I’m not exactly sure when the Blue Angels first appeared on my radar scope, but I know when I became a fan. From 1960 to 1961, the U.S. Navy’s flight demonstration squadron was the subject of a television drama.
And the reruns.
To be a Blue Angel – now there was the almost perfect dream for a 9-year-old boy.
So to find a book on the Blue Angels aimed at children is to go back in time (just a bit) and remember. Being a Blue Angel: Every Kid’s Guide to the Blue Angels by Mark and Amy Sutherland tells the story of the squadron in words, photographs, and short letters from some of the Blue Angels themselves.
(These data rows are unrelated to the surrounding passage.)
(* Let $\mathbb P$ be a forcing by Silver trees, $S,T\in\mathbb P$, $f:2^\omega\to 2^\omega$ continuous, and $\sigma\in 2^{<\omega}$. Then: (i) there are $S',T'\in\mathbb P$ with $S'\subseteq S$, $T'\subseteq T$ and $[T']\cap(\sigma\cdot f[[S']])=\emptyset$; (ii) if $\tau\in 2^{<\omega}$, $T=\tau\cdot S$, and $f$ is regular on $S$ inside $\mathbb P$, then there are $S',T'\in\mathbb P$ with $S'\subseteq S$, $T'\subseteq T$, $T'=\tau\cdot S'$ and $[T']\cap(\sigma\cdot f[[S']])=\emptyset$.
   Context: $2^{<\omega}$ is the set of finite binary strings, $2^\omega$ the Cantor space. A set $T\subseteq 2^{<\omega}$ is a Silver tree if there are strings $u_0,u_1,\dots$ such that $T$ consists exactly of all strings $u_0{}^\frown i_0{}^\frown\cdots{}^\frown u_m{}^\frown i_m$ ($m<\omega$, $i_k\in\{0,1\}$) and all their initial segments; $[T]$ is the set of its infinite branches. For $u\in T$, $T\restriction u=\{t\in T:u\subseteq t\text{ or }t\subseteq u\}$. Actions: for $s\in 2^{<\omega}$ and $x\in 2^\omega$, $(s\cdot x)(k)=x(k)+s(k)\bmod 2$ for $k<|s|$ and $(s\cdot x)(k)=x(k)$ otherwise; $s\cdot X=\{s\cdot x:x\in X\}$; for strings $s\in 2^m$, $t\in 2^k$ with $m\le k$, $(s\cdot t)(j)=t(j)+s(j)\bmod 2$ for $j<m$ and $=t(j)$ for $m\le j<k$, and if $m>k$, $s\cdot t=(s\restriction k)\cdot t$; $s\cdot T=\{s\cdot t:t\in T\}$. A forcing by Silver trees is a set $\mathbb P$ of Silver trees closed under $T\mapsto T\restriction u$ ($u\in T$) and $T\mapsto\sigma\cdot T$. A continuous $f:2^\omega\to 2^\omega$ is regular on $T\in\mathbb P$ inside $\mathbb P$ if there is no $T'\in\mathbb P$ with $T'\subseteq T$ and no $\sigma\in 2^{<\omega}$ such that $f(x)=\sigma\cdot x$ for all $x\in[T']$. *)

theory Defs
  imports "HOL-Analysis.Analysis" "HOL-Library.Sublist"
begin

text \<open>Finite binary strings are \<open>bool list\<close>; Cantor space is \<open>nat \<Rightarrow> bool\<close>
  (with the product topology of the discrete space \<open>bool\<close>). Addition mod 2 is \<open>\<noteq>\<close> (xor).\<close>

definition silver_node :: "(nat \<Rightarrow> bool list) \<Rightarrow> bool list \<Rightarrow> bool list" where
  "silver_node u is = concat (map (\<lambda>k. u k @ [is ! k]) [0..<length is])"

definition silver_tree :: "bool list set \<Rightarrow> bool" where
  "silver_tree T \<longleftrightarrow> (\<exists>u. T = {t. \<exists>is. is \<noteq> [] \<and> prefix t (silver_node u is)})"

definition branches :: "bool list set \<Rightarrow> (nat \<Rightarrow> bool) set" where
  "branches T = {x. \<forall>n. map x [0..<n] \<in> T}"

definition restr :: "bool list set \<Rightarrow> bool list \<Rightarrow> bool list set" where
  "restr T u = {t \<in> T. prefix u t \<or> prefix t u}"

definition act_pt :: "bool list \<Rightarrow> (nat \<Rightarrow> bool) \<Rightarrow> (nat \<Rightarrow> bool)" where
  "act_pt s x = (\<lambda>k. if k < length s then x k \<noteq> s ! k else x k)"

definition act_set :: "bool list \<Rightarrow> (nat \<Rightarrow> bool) set \<Rightarrow> (nat \<Rightarrow> bool) set" where
  "act_set s X = act_pt s ` X"

definition act_str :: "bool list \<Rightarrow> bool list \<Rightarrow> bool list" where
  "act_str s t = map (\<lambda>j. if j < length s then t ! j \<noteq> s ! j else t ! j) [0..<length t]"

definition act_tree :: "bool list \<Rightarrow> bool list set \<Rightarrow> bool list set" where
  "act_tree s T = act_str s ` T"

definition silver_forcing :: "bool list set set \<Rightarrow> bool" where
  "silver_forcing P \<longleftrightarrow>
     (\<forall>T\<in>P. silver_tree T) \<and>
     (\<forall>T\<in>P. \<forall>u\<in>T. restr T u \<in> P) \<and>
     (\<forall>T\<in>P. \<forall>\<sigma>. act_tree \<sigma> T \<in> P)"

definition regular_on :: "((nat \<Rightarrow> bool) \<Rightarrow> (nat \<Rightarrow> bool)) \<Rightarrow> bool list set \<Rightarrow> bool list set set \<Rightarrow> bool" where
  "regular_on f T P \<longleftrightarrow>
     \<not> (\<exists>T'\<in>P. T' \<subseteq> T \<and> (\<exists>\<sigma>. \<forall>x\<in>branches T'. f x = act_pt \<sigma> x))"

end

theory Submission
  imports Defs
begin

text \<open>By continuity, the \<open>N\<close>-th bit of \<open>f y\<close> only depends on
  an initial segment of \<open>y\<close>; so restricting \<open>S\<close> to a long enough initial segment \<open>u\<close> of a
  branch \<open>x\<close> freezes the \<open>N\<close>-th bit of \<open>\<sigma> \<cdot> f y\<close> for all branches \<open>y\<close> of \<open>S \<restriction> u\<close>.
  For (i) we pick \<open>N\<close> at a splitting node of \<open>T\<close> and pass to the successor carrying the other
  bit. For (ii), regularity yields a branch \<open>x\<close> of \<open>S\<close> with \<open>\<sigma> \<cdot> f x \<noteq> \<tau> \<cdot> x\<close>, and we take
  \<open>N\<close> where they differ; the same restriction of \<open>S\<close> also freezes the \<open>N\<close>-th bit of the branches
  of \<open>\<tau> \<cdot> (S \<restriction> u)\<close>.\<close>

lemma continuous_on_coordinate_locally_constant:
  fixes f :: "(nat \<Rightarrow> bool) \<Rightarrow> (nat \<Rightarrow> bool)"
  assumes "continuous_on UNIV f"
  shows "\<exists>n. \<forall>y. (\<forall>k<n. y k = x k) \<longrightarrow> f y N = f x N"
proof -
  have "continuous_on UNIV (\<lambda>y. f y N)"
    using continuous_on_product_then_coordinatewise[OF assms] .
  then have "open ((\<lambda>y. f y N) -` {f x N})"
    using continuous_on_open_vimage[of UNIV "\<lambda>y. f y N"] open_discrete[of "{f x N}"] by simp
  then have "openin (product_topology (\<lambda>i. euclidean) UNIV) ((\<lambda>y. f y N) -` {f x N})"
    by (simp add: open_fun_def)
  then have "\<exists>W. finite {i \<in> UNIV. W i \<noteq> topspace (euclidean::bool topology)} \<and>
      (\<forall>i \<in> UNIV. openin euclidean (W i)) \<and> x \<in> Pi\<^sub>E UNIV W \<and>
      Pi\<^sub>E UNIV W \<subseteq> (\<lambda>y. f y N) -` {f x N}"
    unfolding openin_product_topology_alt by (meson vimage_singleton_eq)
  then obtain W where W: "finite {i. W i \<noteq> UNIV}" "x \<in> Pi\<^sub>E UNIV W"
    "Pi\<^sub>E UNIV W \<subseteq> (\<lambda>y. f y N) -` {f x N}"
    by auto
  obtain n where n: "\<forall>i\<in>{i. W i \<noteq> UNIV}. i < n"
    using W(1) finite_nat_set_iff_bounded by blast
  have "f y N = f x N" if y: "\<forall>k<n. y k = x k" for y
  proof -
    have "y i \<in> W i" for i
      using y W(2) n by (cases "W i = UNIV") (auto simp: PiE_iff)
    then show ?thesis using W(3) by (auto simp: PiE_iff)
  qed
  then show ?thesis by blast
qed

lemma prefix_same_length_eq: "prefix a b \<or> prefix b a \<Longrightarrow> length a = length b \<Longrightarrow> a = b"
  by (auto simp: prefix_def)

lemma branches_restr_initial_segment:
  assumes "y \<in> branches (restr S u)"
  shows "map y [0..<length u] = u"
proof -
  have "map y [0..<length u] \<in> restr S u" using assms by (simp add: branches_def)
  then show ?thesis by (auto simp: restr_def intro: prefix_same_length_eq)
qed

lemma restr_subset: "restr T u \<subseteq> T"
  by (auto simp: restr_def)

lemma act_pt_involutive: "act_pt s (act_pt s x) = x"
  by (auto simp: act_pt_def)

lemma act_pt_cong_nth: "x N = y N \<Longrightarrow> act_pt s x N = act_pt s y N"
  by (simp add: act_pt_def)

lemma act_str_nth: "j < length t \<Longrightarrow> act_str s t ! j = (if j < length s then t ! j \<noteq> s ! j else t ! j)"
  by (simp add: act_str_def)

lemma act_str_involutive: "act_str s (act_str s t) = t"
  by (rule nth_equalityI) (auto simp: act_str_def act_str_nth)

lemma act_str_map: "act_str s (map x [0..<n]) = map (act_pt s x) [0..<n]"
  by (rule nth_equalityI) (simp_all add: act_str_def act_str_nth act_pt_def)

lemma branches_act_tree: "branches (act_tree s T) = act_set s (branches T)"
proof (intro equalityI subsetI)
  fix x assume x: "x \<in> branches (act_tree s T)"
  have "map (act_pt s x) [0..<n] \<in> T" for n
  proof -
    obtain t where "t \<in> T" "map x [0..<n] = act_str s t"
      using x by (auto simp: branches_def act_tree_def)
    then show ?thesis by (metis act_str_involutive act_str_map)
  qed
  then have "act_pt s x \<in> branches T" by (simp add: branches_def)
  then show "x \<in> act_set s (branches T)"
    unfolding act_set_def using act_pt_involutive by (metis image_eqI)
next
  fix x assume "x \<in> act_set s (branches T)"
  then obtain y where "y \<in> branches T" "x = act_pt s y" by (auto simp: act_set_def)
  then show "x \<in> branches (act_tree s T)"
    by (auto simp: branches_def act_tree_def act_str_map[symmetric])
qed

lemma act_pt_comp: "\<exists>\<rho>. act_pt s \<circ> act_pt t = act_pt \<rho>"
proof
  let ?\<rho> = "map (\<lambda>j. (j < length s \<and> s ! j) \<noteq> (j < length t \<and> t ! j)) [0..<max (length s) (length t)]"
  show "act_pt s \<circ> act_pt t = act_pt ?\<rho>"
  proof (intro ext)
    fix x k
    show "(act_pt s \<circ> act_pt t) x k = act_pt ?\<rho> x k"
      by (cases "k < length s"; cases "k < length t"; cases "x k"; cases "s ! k"; cases "t ! k")
        (simp_all add: act_pt_def max_def)
  qed
qed

lemma silver_tree_splitting_node:
  assumes "silver_tree T"
  shows "\<exists>w. \<forall>b. w @ [b] \<in> T"
proof -
  obtain u where u: "T = {t. \<exists>is. is \<noteq> [] \<and> prefix t (silver_node u is)}"
    using assms by (auto simp: silver_tree_def)
  have "u 0 @ [b] \<in> T" for b
    unfolding u by (auto intro!: exI[of _ "[b]"] simp: silver_node_def)
  then show ?thesis by blast
qed

lemma restr_freezes_coordinate:
  fixes f :: "(nat \<Rightarrow> bool) \<Rightarrow> (nat \<Rightarrow> bool)"
  assumes "continuous_on UNIV f" and "x \<in> branches S"
  shows "\<exists>u\<in>S. \<forall>y\<in>branches (restr S u). f y N = f x N \<and> y N = x N"
proof -
  obtain n where n: "\<And>y. \<forall>k<n. y k = x k \<Longrightarrow> f y N = f x N"
    using continuous_on_coordinate_locally_constant[OF assms(1)] by blast
  define u where "u = map x [0..<max n (Suc N)]"
  have "u \<in> S" using assms(2) by (simp add: branches_def u_def)
  moreover have "f y N = f x N \<and> y N = x N" if "y \<in> branches (restr S u)" for y
  proof -
    have "map y [0..<max n (Suc N)] = map x [0..<max n (Suc N)]"
      using branches_restr_initial_segment[OF that] by (simp add: u_def)
    then have agree: "\<forall>k<max n (Suc N). y k = x k"
      by simp
    then have "f y N = f x N" using n[of y] by simp
    moreover have "y N = x N" using agree by simp
    ultimately show ?thesis ..
  qed
  ultimately show ?thesis by blast
qed

lemma regular_on_branch_not_translate:
  assumes "regular_on f S P" and "S \<in> P"
  shows "\<exists>x\<in>branches S. act_pt \<sigma> (f x) \<noteq> act_pt \<tau> x"
proof -
  obtain \<rho> where \<rho>: "act_pt \<sigma> \<circ> act_pt \<tau> = act_pt \<rho>" using act_pt_comp by blast
  obtain x where x: "x \<in> branches S" and "f x \<noteq> act_pt \<rho> x"
    using assms by (auto simp: regular_on_def)
  then have "f x \<noteq> act_pt \<sigma> (act_pt \<tau> x)"
    using fun_cong[OF \<rho>, of x] by simp
  then have "act_pt \<sigma> (f x) \<noteq> act_pt \<tau> x"
    using act_pt_involutive[of \<sigma> "f x"] by metis
  with x show ?thesis by blast
qed

lemma silver_forcing_separate:
  assumes "silver_forcing P" "S \<in> P" "T \<in> P" "continuous_on UNIV f"
  shows "\<exists>S' T'. S' \<in> P \<and> T' \<in> P \<and> S' \<subseteq> S \<and> T' \<subseteq> T \<and>
           branches T' \<inter> act_set \<sigma> (f ` branches S') = {}"
proof (cases "branches S = {}")
  case True
  then show ?thesis using assms(2,3) by (intro exI[of _ S] exI[of _ T]) (simp add: act_set_def)
next
  case False
  then obtain x where x: "x \<in> branches S" by blast
  have "silver_tree T" using assms(1,3) by (simp add: silver_forcing_def)
  then obtain w where w: "\<And>b. w @ [b] \<in> T" using silver_tree_splitting_node by meson
  let ?N = "length w" and ?b = "\<not> act_pt \<sigma> (f x) (length w)"
  obtain u where u: "u \<in> S"
    and frozen: "\<forall>y\<in>branches (restr S u). f y ?N = f x ?N \<and> y ?N = x ?N"
    using restr_freezes_coordinate[OF assms(4) x, of ?N] by blast
  have "z ?N = ?b" if "z \<in> branches (restr T (w @ [?b]))" for z
    using arg_cong[OF branches_restr_initial_segment[OF that], of "\<lambda>l. l ! ?N"]
    by (simp add: nth_append)
  moreover have "act_pt \<sigma> (f y) ?N \<noteq> ?b" if "y \<in> branches (restr S u)" for y
    using act_pt_cong_nth[of "f y" ?N "f x" \<sigma>] frozen that by simp
  ultimately have "branches (restr T (w @ [?b])) \<inter> act_set \<sigma> (f ` branches (restr S u)) = {}"
    by (auto simp: act_set_def)
  moreover have "restr S u \<in> P" "restr T (w @ [?b]) \<in> P"
    using assms(1-3) u w by (simp_all add: silver_forcing_def)
  ultimately show ?thesis by (intro exI conjI) (simp_all add: restr_subset)
qed

lemma silver_forcing_separate_translate:
  assumes "silver_forcing P" "S \<in> P" "continuous_on UNIV f" "regular_on f S P"
  shows "\<exists>S' T'. S' \<in> P \<and> T' \<in> P \<and> S' \<subseteq> S \<and> T' \<subseteq> act_tree \<tau> S \<and> T' = act_tree \<tau> S' \<and>
           branches T' \<inter> act_set \<sigma> (f ` branches S') = {}"
proof -
  obtain x where x: "x \<in> branches S" and "act_pt \<sigma> (f x) \<noteq> act_pt \<tau> x"
    using regular_on_branch_not_translate[OF assms(4,2)] by blast
  then obtain N where N: "act_pt \<sigma> (f x) N \<noteq> act_pt \<tau> x N" by blast
  obtain u where u: "u \<in> S"
    and frozen: "\<forall>y\<in>branches (restr S u). f y N = f x N \<and> y N = x N"
    using restr_freezes_coordinate[OF assms(3) x, of N] by blast
  have "act_pt \<sigma> (f y) N \<noteq> act_pt \<tau> y' N"
    if "y \<in> branches (restr S u)" "y' \<in> branches (restr S u)" for y y'
  proof -
    have fy: "f y N = f x N" and y': "y' N = x N" using frozen that by auto
    show ?thesis using N act_pt_cong_nth[of "f y" N "f x" \<sigma>, OF fy]
        act_pt_cong_nth[of y' N x \<tau>, OF y'] by metis
  qed
  then have "branches (act_tree \<tau> (restr S u)) \<inter> act_set \<sigma> (f ` branches (restr S u)) = {}"
    unfolding branches_act_tree act_set_def by (auto dest: arg_cong[where f = "\<lambda>z. z N"])
  moreover have "restr S u \<in> P" "act_tree \<tau> (restr S u) \<in> P"
    using assms(1,2) u by (auto simp: silver_forcing_def)
  moreover have "act_tree \<tau> (restr S u) \<subseteq> act_tree \<tau> S"
    using restr_subset by (auto simp: act_tree_def)
  ultimately show ?thesis by (intro exI conjI) (simp_all add: restr_subset)
qed

theorem lemma7p2:
  fixes P :: "bool list set set" and S T :: "bool list set"
    and f :: "(nat \<Rightarrow> bool) \<Rightarrow> (nat \<Rightarrow> bool)" and \<sigma> :: "bool list"
  assumes "silver_forcing P" and "S \<in> P" and "T \<in> P" and "continuous_on UNIV f"
  shows "(\<exists>S' T'. S' \<in> P \<and> T' \<in> P \<and> S' \<subseteq> S \<and> T' \<subseteq> T \<and>
            branches T' \<inter> act_set \<sigma> (f ` branches S') = {})
       \<and> (\<forall>\<tau>. T = act_tree \<tau> S \<and> regular_on f S P \<longrightarrow>
            (\<exists>S' T'. S' \<in> P \<and> T' \<in> P \<and> S' \<subseteq> S \<and> T' \<subseteq> T \<and> T' = act_tree \<tau> S' \<and>
               branches T' \<inter> act_set \<sigma> (f ` branches S') = {}))"
  using silver_forcing_separate[OF assms] silver_forcing_separate_translate[OF assms(1,2,4)]
  by blast

end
The book is not so much a history of the Blue Angels as it is an explanation of what it is to be a squadron member and what they actually do, often day to day. It’s cool flight demonstrations and air shows, yes. But it’s also outreach, communication, lots of travel, and lots of time away from home. And it’s not only those sleek jets they fly in air shows, but also a plane called the Fat Albert, a cargo aircraft that transports support staff and equipment to the shows. And ground crews, and support crews. And fans.
Fans like 9-year-old boys. And 9-year-old girls.
Being a Blue Angel is a delightful children’s book, and even allows a few adults to remember a time when they, too, wanted to perform intricate flying patterns in one of those jets.